On June 13th 1888, the most important contemporary Portuguese poet was born in Lisbon: Fernando Pessoa. Pessoa was not a mere poet; he became multiple poets by “inventing” alter-egos (his famous “heteronyms”) who had their own biographies and poetic styles. For instance, while Ricardo Reis (born in Oporto, 1887) had an intellectual almost fatalistic approach to life and poetry, Alvaro de Campos (Tavira, 1890) had different poetic phases, varying from extreme vitalism to a decadent melancholia. Other famous heteronyms are Alberto Caeiro (the master of most of the heteronyms), António Mora, Bernardo Soares, and Fernando Pessoa himself.
I don’t remember when I discovered Fernando Pessoa’s poetry. But what I do remember is that by 2003 Ricardo Reis was already my favorite heteronym. I remember this because I used to call one of the most special friends I have ever had “Lidia” (in English, “Lydia”), one of the women Ricardo Reis addresses to in his poems:
When I started college, I used to share Reis’ fatalism, his enjoy-the-present-that-is-already-vanishing sentimentalism (“Come sit by my side, Lydia“), his “we are nothing… we are just stories telling stories, nothing” philosophy of life. Discovering Alvaro de Campos’ dynamism and excitement about machines, cars, and technology (like in his well-known poem “At the wheel of the Chevrolet on the road to Sintra”) some years later was quite refreshing (although I have to admit that I still prefer his decadent nostalgia rather than his vitalistic enthusiasm):
I carry inside my heart,
As in a chest too full to shut,
All the places where I have been,
All the ports at which I have called,
All the sights I’ve seen through windows and portholes
And from quarterdecks, dreaming.
And all of this, which is so much, is nothing next to what I want.
(Excerpt from Passagem das horas. Translation by Booklover)

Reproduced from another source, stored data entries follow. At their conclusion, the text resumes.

(* Let $P$ be a finite poset and let $I\in\mathcal{IC}(P)$ contain all maximal elements of $P$. Then $\mathrm{Row}(I)=P-I$.
   Context: All posets are finite. For a poset $P$, a subset $I\subseteq P$ is interval-closed if for all $x,y\in I$ and $z\in P$ with $x\le z\le y$ we have $z\in I$; $\mathcal{IC}(P)$ is the set of interval-closed subsets of $P$. For $x\in P$ the toggle $t_x:\mathcal{IC}(P)\to\mathcal{IC}(P)$ is defined by $t_x(I)=I\triangle\{x\}$ if $I\triangle\{x\}\in\mathcal{IC}(P)$ and $t_x(I)=I$ otherwise. Rowmotion is $\mathrm{Row}=t_{x_1}\circ t_{x_2}\circ\cdots\circ t_{x_N}:\mathcal{IC}(P)\to\mathcal{IC}(P)$, where $(x_1,\dots,x_N)$ is a linear extension of $P$ (so elements are toggled from the top of the poset down); this does not depend on the choice of linear extension. *)

theory Defs
  imports Main
begin

definition interval_closed :: "'a::order set \<Rightarrow> 'a set \<Rightarrow> bool" where
  "interval_closed P I \<longleftrightarrow> I \<subseteq> P \<and>
     (\<forall>x\<in>I. \<forall>y\<in>I. \<forall>z\<in>P. x \<le> z \<and> z \<le> y \<longrightarrow> z \<in> I)"

definition IC :: "'a::order set \<Rightarrow> 'a set set" where
  "IC P = {I. interval_closed P I}"

definition toggle :: "'a::order set \<Rightarrow> 'a \<Rightarrow> 'a set \<Rightarrow> 'a set" where
  "toggle P x I = (if interval_closed P ((if x \<in> I then I - {x} else insert x I)) then (if x \<in> I then I - {x} else insert x I) else I)"

definition linear_extension :: "'a::order set \<Rightarrow> 'a list \<Rightarrow> bool" where
  "linear_extension P xs \<longleftrightarrow> distinct xs \<and> set xs = P \<and>
     (\<forall>i<length xs. \<forall>j<length xs. xs ! i < xs ! j \<longrightarrow> i < j)"

text \<open>Rowmotion w.r.t. the linear extension (x1,...,xN):
  Row = t_{x1} o t_{x2} o ... o t_{xN}, i.e. t_{xN} is applied first.\<close>

definition rowmotion :: "'a::order set \<Rightarrow> 'a list \<Rightarrow> 'a set \<Rightarrow> 'a set" where
  "rowmotion P xs = foldr (\<lambda>x f. toggle P x \<circ> f) xs id"

definition maximal_elements :: "'a::order set \<Rightarrow> 'a set" where
  "maximal_elements P = {x\<in>P. \<not> (\<exists>y\<in>P. x < y)}"

end

theory Submission
  imports Defs
begin

text \<open>Toggling from the top down, once the elements of an up-closed set S have been
  toggled the current set is I \<triangle> S. This set is again interval-closed: for
  b \<in> S - I some maximal element m \<ge> b lies in I, so no element of I lies below b
  (it would force b \<in> I); and below an element of I - S nothing of S can occur since S is
  up-closed. Hence every toggle succeeds, and at the end I \<triangle> P = P - I.\<close>

definition up_closed :: "'a::order set \<Rightarrow> 'a set \<Rightarrow> bool" where
  "up_closed P S \<longleftrightarrow> S \<subseteq> P \<and> (\<forall>s\<in>S. \<forall>y\<in>P. s \<le> y \<longrightarrow> y \<in> S)"

lemma exists_maximal_element_above:
  assumes "finite P" "b \<in> P"
  shows "\<exists>m\<in>maximal_elements P. b \<le> m"
proof -
  obtain m where m: "m \<in> P" "b \<le> m" "\<forall>c\<in>P. m \<le> c \<longrightarrow> m = c"
    using finite_has_maximal2[OF assms] by blast
  then have "m \<in> maximal_elements P"
    unfolding maximal_elements_def using less_le by auto
  with m show ?thesis by blast
qed

lemma interval_closed_sym_diff_up_closed:
  fixes P :: "'a::order set"
  assumes fin: "finite P" and I: "interval_closed P I"
    and max: "maximal_elements P \<subseteq> I" and S: "up_closed P S"
  shows "interval_closed P (sym_diff I S)"
proof -
  have IP: "I \<subseteq> P" and SP: "S \<subseteq> P"
    using I S unfolding interval_closed_def up_closed_def by auto
  have convex: "\<And>a b z. a \<in> I \<Longrightarrow> b \<in> I \<Longrightarrow> z \<in> P \<Longrightarrow> a \<le> z \<Longrightarrow> z \<le> b \<Longrightarrow> z \<in> I"
    using I unfolding interval_closed_def by blast
  have up: "\<And>s y. s \<in> S \<Longrightarrow> y \<in> P \<Longrightarrow> s \<le> y \<Longrightarrow> y \<in> S"
    using S unfolding up_closed_def by blast
  show ?thesis unfolding interval_closed_def
  proof (intro conjI ballI impI)
    show "sym_diff I S \<subseteq> P" using IP SP by blast
  next
    fix a b z
    assume a: "a \<in> sym_diff I S" and b: "b \<in> sym_diff I S"
      and z: "z \<in> P" and between: "a \<le> z \<and> z \<le> b"
    show "z \<in> sym_diff I S"
    proof (cases "b \<in> S")
      case False
      then have "z \<notin> S" "a \<notin> S" using up between z IP b by blast+
      then have "z \<in> I" using a b False convex z between by blast
      with \<open>z \<notin> S\<close> show ?thesis by blast
    next
      case True
      then have "b \<notin> I" "b \<in> P" using b SP by auto
      then obtain m where m: "m \<in> I" "b \<le> m"
        using exists_maximal_element_above[OF fin] max by blast
      have "z \<notin> I"
        using convex[of z m b] m \<open>b \<notin> I\<close> \<open>b \<in> P\<close> between by blast
      moreover have "z \<in> S"
      proof (rule ccontr)
        assume "z \<notin> S"
        then have "a \<in> I" using up a z between by blast
        then have "z \<in> I" using convex[of a m z] m z between by (meson order.trans)
        with \<open>z \<notin> I\<close> show False by blast
      qed
      ultimately show ?thesis by blast
    qed
  qed
qed

lemma toggle_eq_sym_diff:
  assumes "interval_closed P (sym_diff I {x})"
  shows "toggle P x I = sym_diff I {x}"
proof -
  have "(if x \<in> I then I - {x} else insert x I) = sym_diff I {x}" by auto
  with assms show ?thesis unfolding toggle_def by simp
qed

lemma rowmotion_Cons: "rowmotion P (x # xs) = toggle P x \<circ> rowmotion P xs"
  by (simp add: rowmotion_def)

lemma up_closed_tl:
  assumes "up_closed P (set (x # xs))" "distinct (x # xs)"
    and "sorted_wrt (\<lambda>a b. \<not> b < a) (x # xs)"
  shows "up_closed P (set xs)"
  using assms unfolding up_closed_def by (auto simp: le_less)

lemma rowmotion_eq_sym_diff_up_closed:
  fixes P :: "'a::order set"
  assumes fin: "finite P" and I: "interval_closed P I"
    and max: "maximal_elements P \<subseteq> I"
  shows "up_closed P (set xs) \<Longrightarrow> distinct xs \<Longrightarrow> sorted_wrt (\<lambda>a b. \<not> b < a) xs
    \<Longrightarrow> rowmotion P xs I = sym_diff I (set xs)"
proof (induction xs)
  case Nil
  then show ?case by (simp add: rowmotion_def)
next
  case (Cons x xs)
  have IH: "rowmotion P xs I = sym_diff I (set xs)"
    using Cons.IH up_closed_tl[OF Cons.prems] Cons.prems by simp
  have "x \<notin> set xs" using Cons.prems(2) by simp
  then have step: "sym_diff (sym_diff I (set xs)) {x} = sym_diff I (set (x # xs))"
    by auto
  show ?case
    using interval_closed_sym_diff_up_closed[OF fin I max Cons.prems(1)]
    by (simp add: rowmotion_Cons IH toggle_eq_sym_diff step)
qed

lemma linear_extension_sorted_wrt:
  assumes "linear_extension P xs"
  shows "sorted_wrt (\<lambda>a b. \<not> b < a) xs"
  unfolding sorted_wrt_iff_nth_less
proof (intro allI impI notI)
  fix i j assume "i < j" "j < length xs" "xs ! j < xs ! i"
  with assms show False
    unfolding linear_extension_def by (meson less_asym order.strict_trans)
qed

theorem lemma2p9:
  fixes P :: "'a::order set" and I :: "'a set" and xs :: "'a list"
  assumes "finite P"
    and "I \<in> IC P"
    and "maximal_elements P \<subseteq> I"
    and "linear_extension P xs"
  shows "rowmotion P xs I = P - I"
proof -
  have I: "interval_closed P I" using assms(2) by (simp add: IC_def)
  have xs: "distinct xs" "set xs = P"
    using assms(4) unfolding linear_extension_def by auto
  then have "up_closed P (set xs)" by (simp add: up_closed_def)
  then have "rowmotion P xs I = sym_diff I P"
    using rowmotion_eq_sym_diff_up_closed[OF assms(1) I assms(3)]
      linear_extension_sorted_wrt[OF assms(4)] xs by simp
  moreover have "I \<subseteq> P" using I by (simp add: interval_closed_def)
  ultimately show ?thesis by auto
qed

end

To get a better idea about this decadent melancholy I have been talking about, you need to read the most perfect poem in the world: “Estanco”.
In 2006, I spent 6 weeks in Sevilla, Spain as part of a student exchange. I had the opportunity to visit Lisbon, Pessoa’s home town, and simply fell in love with the city, its squares, its streets, its castle, and other wonderful locations. Accidentally, I found the café A Brasileira, where there’s a bronze statue of Fernando Pessoa sitting at a table. This almost moved me to tears and, of course, a selfie documented this accidental encounter:
Hopefully I’ll have a drink with Pessoa, Reis, de Campos and Co. next time I visit Lisbon in general and A Brasileira in particular…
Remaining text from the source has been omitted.